Veteran spelunker Gary Lutes Tim, 9, & Gary, Jr., 13,. Credit : William F. Campbell/Getty

A 37-Year-Old Father and His Two Kids Spent 5 Days Trapped in a West Virginia Cave Before Their Dramatic Rescue

Thomas Smith
5 Min Read

A 37-year-old Tampa man and his two sons endured a terrifying ordeal when they became trapped for days inside a dark, twisting cave in West Virginia — battling hunger, thirst, and fear as they struggled to survive.

Gary Lutes, a single father whose wife had died of breast cancer four years earlier, set out in 1990 on a hiking and caving trip with his sons — 13-year-old Gary Jr. (“Buddy”) and 9-year-old Tim. A seasoned caver with two decades of experience, Lutes had explored the New Trout Cave before. But this time, as the trio ventured into a section called the Maze, they had no idea how quickly things would go wrong.

Lutes later recalled that the trouble began when they reached an eight-foot drop through sharp rocks. “Man, I do not want to hassle with this pack snagging on every little rock,” he thought.
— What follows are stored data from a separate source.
definition st_path :: "'a set \<Rightarrow> ('a \<times> 'a) set \<Rightarrow> 'a \<Rightarrow> 'a \<Rightarrow> 'a list \<Rightarrow> bool" where
  "st_path V E a b q \<longleftrightarrow> is_path V E q \<and> hd q = a \<and> last q = b"

definition dist :: "'a set \<Rightarrow> ('a \<times> 'a) set \<Rightarrow> 'a \<Rightarrow> 'a \<Rightarrow> nat" where
  "dist V E a b = (LEAST n. \<exists>q. st_path V E a b q \<and> path_len q = n)"

definition level :: "'a set \<Rightarrow> ('a \<times> 'a) set \<Rightarrow> 'a \<Rightarrow> nat \<Rightarrow> 'a set" where
  "level V E s i = {w \<in> V. dist V E s w = i}"

definition subpath :: "'a list \<Rightarrow> nat \<Rightarrow> nat \<Rightarrow> 'a list" where
  "subpath q i j = drop i (take (Suc j) q)"

definition induced_edges :: "('a \<times> 'a) set \<Rightarrow> 'a set \<Rightarrow> ('a \<times> 'a) set" where
  "induced_edges E S = {(a, b) \<in> E. a \<in> S \<and> b \<in> S}"

end

(* Let p be the first level that meets P twice and write v = P ! iv for its second vertex.
   Up to P ! p the path P is a shortest path, and P meets each level below p only once.  Hence a
   shortest path to v followed by P after v is an s-t path; minimality of P forces it to be
   shorter than dist s t + k, while it is at least dist s t long.
   If P' meets P after x, let P ! j be the first such vertex along P'.  Following P to u, then
   P' to P ! j, then P to t gives an s-t path of length less than p + k + |P after j|.  If j lies
   more than 2k beyond v, this path is shorter than dist s t; if j lies more than k before v, it is
   shorter than P but has length at least dist s t + k.  So P ! j lies on P_{y,z}, which P' avoids. *)

theory Submission
  imports Defs
begin

lemma is_path_append:
  assumes "is_path V E xs" "is_path V E ys" "set xs \<inter> set ys = {}" "(last xs, hd ys) \<in> E"
  shows "is_path V E (xs @ ys)"
proof -
  have ne: "xs \<noteq> []" "ys \<noteq> []" using assms(1,2) by (auto simp: is_path_def)
  have "((xs @ ys) ! i, (xs @ ys) ! Suc i) \<in> E" if i: "Suc i < length (xs @ ys)" for i
  proof -
    consider "Suc i < length xs" | "Suc i = length xs" | "length xs \<le> i" by linarith
    then show ?thesis
    proof cases
      case 1
      then show ?thesis using assms(1) by (simp add: nth_append is_path_def)
    next
      case 2
      then have "(xs @ ys) ! i = last xs" "(xs @ ys) ! Suc i = hd ys"
        using ne by (simp_all add: nth_append last_conv_nth hd_conv_nth flip: 2)
      then show ?thesis using assms(4) by simp
    next
      case 3
      then have "(xs @ ys) ! i = ys ! (i - length xs)" "(xs @ ys) ! Suc i = ys ! Suc (i - length xs)"
        by (simp_all add: nth_append Suc_diff_le)
      moreover have "Suc (i - length xs) < length ys" using i 3 by simp
      ultimately show ?thesis using assms(2) by (simp add: is_path_def)
    qed
  qed
  then show ?thesis using assms ne unfolding is_path_def by auto
qed

lemma is_path_take: "is_path V E q \<Longrightarrow> 0 < n \<Longrightarrow> is_path V E (take n q)"
  unfolding is_path_def by (auto dest: in_set_takeD)

lemma is_path_drop: "is_path V E q \<Longrightarrow> n < length q \<Longrightarrow> is_path V E (drop n q)"
  unfolding is_path_def by (auto dest: in_set_dropD)

lemma is_path_mono: "is_path V' E' q \<Longrightarrow> V' \<subseteq> V \<Longrightarrow> E' \<subseteq> E \<Longrightarrow> is_path V E q"
  unfolding is_path_def by blast

lemma in_set_subpath:
  assumes "j < length q"
  shows "w \<in> set (subpath q i j) \<longleftrightarrow> (\<exists>n. i \<le> n \<and> n \<le> j \<and> w = q ! n)"
proof
  assume "w \<in> set (subpath q i j)"
  then obtain n where "n < length (subpath q i j)" "w = subpath q i j ! n"
    by (auto simp: in_set_conv_nth)
  with assms show "\<exists>n. i \<le> n \<and> n \<le> j \<and> w = q ! n"
    by (intro exI[of _ "i + n"]) (auto simp: subpath_def)
next
  assume "\<exists>n. i \<le> n \<and> n \<le> j \<and> w = q ! n"
  then obtain n where n: "i \<le> n" "n \<le> j" "w = q ! n" by blast
  with assms have "subpath q i j ! (n - i) = w" "n - i < length (subpath q i j)"
    by (auto simp: subpath_def)
  then show "w \<in> set (subpath q i j)" by (metis nth_mem)
qed

lemma length_subpath: "j < length q \<Longrightarrow> length (subpath q i j) = Suc j - i"
  by (simp add: subpath_def)

lemma nth_in_subpath_window:
  assumes "iv < length P" "ix < j" "iv - k \<le> j" "j \<le> iv + 2 * k" "j < length P"
  shows "P ! j \<in> set (subpath P (Suc iv - min (k + 1) (length (subpath P ix iv)))
                          (iv + min (2 * k + 1) (length (subpath P iv (length P - 1))) - 1))"
proof -
  have "length (subpath P ix iv) = Suc iv - ix" "length (subpath P iv (length P - 1)) = length P - iv"
    using assms(1) length_subpath[of iv P ix] length_subpath[of "length P - 1" P iv] by simp_all
  then show ?thesis
    using assms by (subst in_set_subpath) (auto intro!: exI[of _ j] simp: min_def)
qed
(* Let $\mathbb{K}$ be a field and $G$ a connected finite simple graph. Then $\mathcal{A}_G(\mathbb{K})$ is combinatorially formal: it is formal, and every arrangement whose intersection lattice is isomorphic to $L(\mathcal{A}_G(\mathbb{K}))$ is formal.
   Context: For a finite simple graph $G$ on $[n]$ and a field $\mathbb{K}$, $H_I:=\ker(\sum_{i\in I}x_i)\subseteq\mathbb{K}^n$ and $\mathcal{A}_G(\mathbb{K}):=\{H_I\mid \varnothing\neq I\subseteq[n],\ G[I]\text{ connected}\}$. An arrangement $\mathcal{A}$ with defining linear forms $\alpha_H$ ($H\in\mathcal{A}$) is formal if the space of linear relations $\{(c_H)\in\mathbb{K}^{\mathcal{A}}\mid\sum_H c_H\alpha_H=0\}$ is spanned by relations supported on sets $\mathcal{A}_X=\{H\in\mathcal{A}\mid X\subseteq H\}$ with $X$ an intersection of codimension $2$. $L(\mathcal{A})$ is the intersection lattice ordered by reverse inclusion. *)

theory Defs
  imports "HOL-Analysis.Analysis"
begin

text \<open>Simple graphs on the finite vertex type 'n (playing the role of [n]).\<close>

definition simple_graph :: "('n \<Rightarrow> 'n \<Rightarrow> bool) \<Rightarrow> bool" where
  "simple_graph E \<longleftrightarrow> (\<forall>u v. E u v \<longrightarrow> E v u) \<and> (\<forall>u. \<not> E u u)"

definition induced_connected :: "('n \<Rightarrow> 'n \<Rightarrow> bool) \<Rightarrow> 'n set \<Rightarrow> bool" where
  "induced_connected E I \<longleftrightarrow> I \<noteq> {} \<and>
     (\<forall>u\<in>I. \<forall>v\<in>I. (u, v) \<in> {(x, y). x \<in> I \<and> y \<in> I \<and> E x y}\<^sup>*)"

definition graph_connected :: "('n \<Rightarrow> 'n \<Rightarrow> bool) \<Rightarrow> bool" where
  "graph_connected E \<longleftrightarrow> induced_connected E UNIV"

definition lform :: "'a::field ^ 'm \<Rightarrow> 'a ^ 'm \<Rightarrow> 'a" where
  "lform a x = (\<Sum>i\<in>UNIV. a $ i * x $ i)"

definition kernel_form :: "'a::field ^ 'm \<Rightarrow> ('a ^ 'm) set" where
  "kernel_form a = {x. lform a x = 0}"

definition arrangement :: "('a::field ^ 'm) set set \<Rightarrow> bool" where
  "arrangement A \<longleftrightarrow> finite A \<and> (\<forall>H\<in>A. \<exists>a. a \<noteq> 0 \<and> H = kernel_form a)"

definition H_I :: "'n set \<Rightarrow> ('a::field ^ 'n::finite) set" where
  "H_I I = {x. (\<Sum>i\<in>I. x $ i) = 0}"

definition graphic_arr :: "('n::finite \<Rightarrow> 'n \<Rightarrow> bool) \<Rightarrow> ('a::field ^ 'n) set set" where
  "graphic_arr E = {H_I I | I. I \<noteq> {} \<and> induced_connected E I}"

text \<open>Intersection lattice L(A) (the empty intersection is the whole space).\<close>
definition int_lattice :: "('a ^ 'm) set set \<Rightarrow> ('a ^ 'm) set set" where
  "int_lattice A = (\<lambda>B. \<Inter>B) ` Pow A"

definition codim :: "('a::field ^ 'm) set \<Rightarrow> nat" where
  "codim X = CARD('m) - vec.dim X"

definition localization :: "('a ^ 'm) set set \<Rightarrow> ('a ^ 'm) set \<Rightarrow> ('a ^ 'm) set set" where
  "localization A X = {H \<in> A. X \<subseteq> H}"

text \<open>(c_H) is a linear relation among the defining forms alpha_H, H in A
  (c is a vector in K^A, extended by 0 outside A).\<close>
definition is_relation ::
  "('a::field ^ 'm) set set \<Rightarrow> (('a ^ 'm) set \<Rightarrow> 'a ^ 'm) \<Rightarrow> (('a ^ 'm) set \<Rightarrow> 'a) \<Rightarrow> bool" where
  "is_relation A \<alpha> c \<longleftrightarrow> (\<forall>H. H \<notin> A \<longrightarrow> c H = 0) \<and> (\<Sum>H\<in>A. c H *s \<alpha> H) = 0"

text \<open>Formality: for defining forms alpha_H of the hyperplanes, every relation lies in the
  span of the relations supported on some A_X with X an intersection of codimension 2.
  Since each such space of local relations is a subspace, their span is the set of finite
  sums of local relations.\<close>
definition formal :: "('a::field ^ 'm) set set \<Rightarrow> bool" where
  "formal A \<longleftrightarrow>
    (\<forall>\<alpha>. (\<forall>H\<in>A. \<alpha> H \<noteq> 0 \<and> H = kernel_form (\<alpha> H)) \<longrightarrow>
      (\<forall>c. is_relation A \<alpha> c \<longrightarrow>
        (\<exists>S d. finite S \<and> S \<subseteq> {X \<in> int_lattice A. codim X = 2} \<and>
           (\<forall>X\<in>S. is_relation A \<alpha> (d X) \<and>
                   (\<forall>H. d X H \<noteq> 0 \<longrightarrow> H \<in> localization A X)) \<and>
           (\<forall>H. c H = (\<Sum>X\<in>S. d X H)))))"

definition lattice_iso :: "('a ^ 'm) set set \<Rightarrow> ('b ^ 'k) set set \<Rightarrow> bool" where
  "lattice_iso A B \<longleftrightarrow> (\<exists>f. bij_betw f (int_lattice A) (int_lattice B) \<and>
     (\<forall>X\<in>int_lattice A. \<forall>Y\<in>int_lattice A. X \<subseteq> Y \<longleftrightarrow> f X \<subseteq> f Y))"

end

theory Submission
  imports Defs
begin

(* If |I| >= 2, a connected vertex set I splits into disjoint connected parts J and K,
   and then H_J \<inter> H_K \<subseteq> H_I.  The forms of three hyperplanes through a common
   codimension-2 flat are linearly dependent, so alpha_I - s alpha_J - t alpha_K is a local
   relation.  By induction on |I| every defining form is congruent, modulo sums of local
   relations, to a combination of the forms of the coordinate hyperplanes H_{v}; these admit
   no nontrivial relation, because the intersection of all but one of them is not contained
   in the remaining one.  Hence every relation is a sum of local ones.
   Both ingredients, the splittings (with a rank that decreases) and the independence of the
   coordinate hyperplanes, are statements about inclusions and meets of hyperplanes only, so
   a lattice isomorphism transports them to any arrangement with the same lattice, which is
   therefore formal by the same argument. *)

section \<open>Linear forms and their kernels\<close>

lemma lform_add_right: "lform a (x + y) = lform a x + lform a y"
  by (simp add: lform_def sum.distrib distrib_left)

lemma lform_diff_right: "lform a (x - y) = lform a x - lform a y"
  by (simp add: lform_def sum_subtractf right_diff_distrib)

lemma lform_scale_right: "lform a (c *s x) = c * lform a x"
  by (simp add: lform_def sum_distrib_left mult.left_commute)

lemma lform_add_left: "lform (a + b) x = lform a x + lform b x"
  by (simp add: lform_def sum.distrib distrib_right)

lemma lform_scale_left: "lform (c *s a) x = c * lform a x"
  by (simp add: lform_def sum_distrib_left mult.assoc)

lemma lform_zero_left [simp]: "lform 0 x = 0"
  by (simp add: lform_def)

lemma lform_sum_left:
  "finite F \<Longrightarrow> lform (\<Sum>H\<in>F. c H *s a H) x = (\<Sum>H\<in>F. c H * lform (a H) x)"
  by (induction F rule: finite_induct) (simp_all add: lform_add_left lform_scale_left)

lemma lform_axis: "lform a (axis i 1) = a $ i"
  by (simp add: lform_def axis_def if_distrib cong: if_cong)

lemma lform_eqI: "(\<And>x. lform a x = lform b x) \<Longrightarrow> a = b"
  by (metis lform_axis vec_eq_iff)

lemma ex_lform_nonzero: "a \<noteq> 0 \<Longrightarrow> \<exists>x. lform a x \<noteq> 0"
  using lform_eqI[of a 0] by auto

lemma subspace_kernel_form: "vec.subspace (kernel_form a)"
  unfolding vec.subspace_def kernel_form_def
  by (simp add: lform_add_right lform_scale_right) (simp add: lform_def)

lemma kernel_form_neq_UNIV: "a \<noteq> 0 \<Longrightarrow> kernel_form a \<noteq> UNIV"
  using ex_lform_nonzero by (auto simp: kernel_form_def)
lemma A_next_free_column:
  assumes "\<not> has_prim_col P j" "i < m" "j < m" "j - i < r"
  shows "A_next $$ (i, j) = 0"
proof -
  have "A $$ (i, j) = 0" by (rule free_column_zero[OF assms])
  moreover have "(N * A) $$ (i, j) = 0"
    using free_column_zero[OF assms(1) _ assms(3)] assms(4) by (intro N_mult_zero assms(2,3)) auto
  moreover have "(A * N) $$ (i, j) = 0" using assms by (intro mult_N_zero) auto
  moreover have "(N * A * N) $$ (i, j) = 0" using assms by (intro N_mult_N_zero) auto
  ultimately show ?thesis by (simp add: swept_entry[OF assms(2,3)])
qed

lemma A_next_diagonal:
  assumes "\<not> has_prim_col P j" "r \<le> j" "j < m"
  shows "A_next $$ (j - r, j) = (if j \<in> cob then 0 else A $$ (j - r, j))"
proof -
  have i: "j - r < m" using assms(3) by simp
  have "(N * A) $$ (j - r, j) = 0"
  proof (rule N_mult_zero[OF i assms(3)])
    fix x assume "j - r < x" "x < m"
    moreover from this have "j - x < r" using assms(2) r_pos by arith
    ultimately show "A $$ (x, j) = 0" using free_column_zero[OF assms(1) _ assms(3)] by blast
  qed
  moreover have "(N * A * N) $$ (j - r, j) = 0" by (rule N_mult_N_zero[OF i assms(3)]) simp
  moreover have "(A * N) $$ (j - r, j) = (if j \<in> cob then A $$ (j - r, j) else 0)"
    using mult_N_entry[OF carrier i assms(3)] cob_source_pivot(1)[THEN pivot_nonzero]
    by (simp add: sweep_coeff_def)
  ultimately show ?thesis by (simp add: swept_entry[OF i assms(3)])
qed

lemma P_next_pivot:
  assumes "(i, j) \<in> P_next"
  shows "i < j \<and> j < m \<and> j - i < Suc r \<and> A_next $$ (i, j) \<noteq> 0"
  using assms unfolding P_next_eq
proof
  assume old: "(i, j) \<in> P"
  show ?thesis
    using pivot_position[OF old] pivot_nonzero[OF old] A_next_pivot_column[OF old] by auto
next
  assume "(i, j) \<in> isa_newprim r A P"
  hence j: "r \<le> j" "j < m" "i = j - r" "A $$ (i, j) \<noteq> 0" "\<not> has_prim_col P j"
    and "\<not> has_prim_row P i" by (auto simp: newprim_iff)
  hence "j \<notin> cob" by (simp add: cob_iff)
  with A_next_diagonal[OF j(5,1,2)] j strictly_upper[of i j] show ?thesis by auto
qed

text \<open>The new primary pivots lie in pairwise distinct rows and columns,
 none shared with an earlier pivot.\<close>
lemma P_next_unique:
  "(i, j) \<in> P_next \<Longrightarrow> (i, j') \<in> P_next \<Longrightarrow> j = j'"
  "(i, j) \<in> P_next \<Longrightarrow> (i', j) \<in> P_next \<Longrightarrow> i = i'"
  using pivot_row_unique pivot_col_unique
  by (auto simp: P_next_eq newprim_iff has_prim_row_def has_prim_col_def)

lemma A_next_swept:
  assumes ij: "i < m" "j < m" and nz: "A_next $$ (i, j) \<noteq> 0" and d: "j - i < Suc r"
  shows "(i, j) \<in> P_next \<or> (\<exists>k. (k, j) \<in> P_next \<and> i < k)"
proof (cases "has_prim_col P j")
  case True
  then obtain q where q: "(q, j) \<in> P" unfolding has_prim_col_def by auto
  have "i \<le> q"
  proof (rule ccontr)
    assume "\<not> i \<le> q"
    hence "A_next $$ (i, j) = 0"
      using A_next_pivot_column[OF q _ ij(1)] below_pivot_zero[OF q _ ij(1)] by simp
    with nz show False by contradiction
  qed
  with q show ?thesis unfolding P_next_eq by (cases "i = q") auto
next
  case False
  have "i < j" using A_next_lower_zero[OF ij] nz by (meson not_le)
  moreover have "\<not> j - i < r" using A_next_free_column[OF False ij] nz by blast
  ultimately have i: "i = j - r" "r \<le> j" using d by auto
  hence "j \<notin> cob" "A $$ (i, j) \<noteq> 0" using A_next_diagonal[OF False i(2) ij(2)] nz
    by (auto split: if_splits)
  hence "(i, j) \<in> isa_newprim r A P"
    using i ij False by (auto simp: cob_iff newprim_iff)
  thus ?thesis unfolding P_next_eq by blast
qed

lemma invariant_next: "isa_invariant m (Suc r) A_next P_next"
proof
  show "A_next \<in> carrier_mat m m" using carrier N_carrier by (auto simp: isa_step_eq)
  show "\<And>i j. i < m \<Longrightarrow> j < m \<Longrightarrow> A_next $$ (i, j) \<noteq> 0 \<Longrightarrow> i < j"
    using A_next_lower_zero by (meson not_le)
qed (use P_next_pivot P_next_unique A_next_swept in auto)

end

lemma isa_state_invariant:
  fixes D :: "'a::field mat"
  assumes D: "D \<in> carrier_mat m m"
    and upper: "\<And>i j. i < m \<Longrightarrow> j < m \<Longrightarrow> D $$ (i, j) \<noteq> 0 \<Longrightarrow> i < j"
  shows "isa_invariant m (Suc r) (fst (isa_state D (Suc r))) (snd (isa_state D (Suc r)))"
proof (induction r)
  case 0
  have "isa_invariant m (Suc 0) D {}"
  proof
    fix i j assume "i < m" "j < m" "D $$ (i, j) \<noteq> 0" "j - i < Suc 0"
    with upper[of i j] show "(i, j) \<in> {} \<or> (\<exists>k. (k, j) \<in> {} \<and> i < k)" by simp
  qed (use D upper in auto)
  thus ?case by simp
next
  case (Suc r)
  interpret isa_iteration m "Suc r" "fst (isa_state D (Suc r))" "snd (isa_state D (Suc r))"
    by (rule isa_iteration.intro[OF Suc.IH]) (simp add: isa_iteration_axioms_def)
  show ?case using invariant_next by simp
qed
So he left it behind — along with their food, water, fuel, lighter, and candle.

Just ten minutes later, now hundreds of feet deeper, Tim’s headlamp began to dim and went out. Buddy’s followed soon after. “That’s when my adrenaline started pumping pretty hard,” Lutes said.

Disoriented and unable to find his way back, Lutes realized they were lost — and his sons could see it. “Dad looked nervous,” Buddy remembered. “I could tell we were lost. He was moving too fast, jerking his head back and forth.”

Trying to stay calm, Lutes reassured the boys that everything would be fine. But when his own lamp — their last light — died, they were plunged into complete darkness.

“Are we gonna get out of here?” the boys asked over and over. “Yeah,” Lutes told them. “We’re gonna get out. I just gotta think.”

Over the next two hours, he used desperate ingenuity — wetting carbide with his own urine to relight a lamp — but the light faded again. The three huddled together for warmth in the cold, damp, 54-degree air. Hunger and thirst soon set in.

“By the first night our mouths were feeling dry, like cotton,” Lutes said. “I would have given anything for that canteen of water.” Within a day, they were too weak to stand.

At one point, all three lay down, ready to surrender. “Yes, we lay down to die, so to speak,” Lutes admitted. “We were just so tired, so exhausted. We felt like we’d fought as long as we could.”

By the third day, hallucinations set in. Lutes imagined a Coke vending machine; Buddy thought he was reclining in their living room chair. They even talked about what it might be like to die.

On the fifth day, as they drifted in and out of sleep, Lutes thought he heard someone calling Tim’s name. “I thought it was my mind playing tricks on me,” he said — until Tim sat up and started yelling. The rescuers’ voices were real. Fifteen minutes later, their flashlights cut through the darkness. “It seemed like a high beam from a car shining in our eyes,” Lutes said. “I didn’t turn away. I loved seeing that light.”

A search team had been mobilized two days earlier after the family failed to meet the boys’ grandparents. All three were pulled out suffering from dehydration, starvation, and nerve damage from poor circulation. Buddy had a partially collapsed lung, and Tim was treated for an infected blister.

After being hospitalized, Lutes said he wasn’t ready to give up caving — but the experience changed him. “From here on out,” he said, “I’m going to be a much calmer person, much more patient. I’m just going to try to make the best of each day.”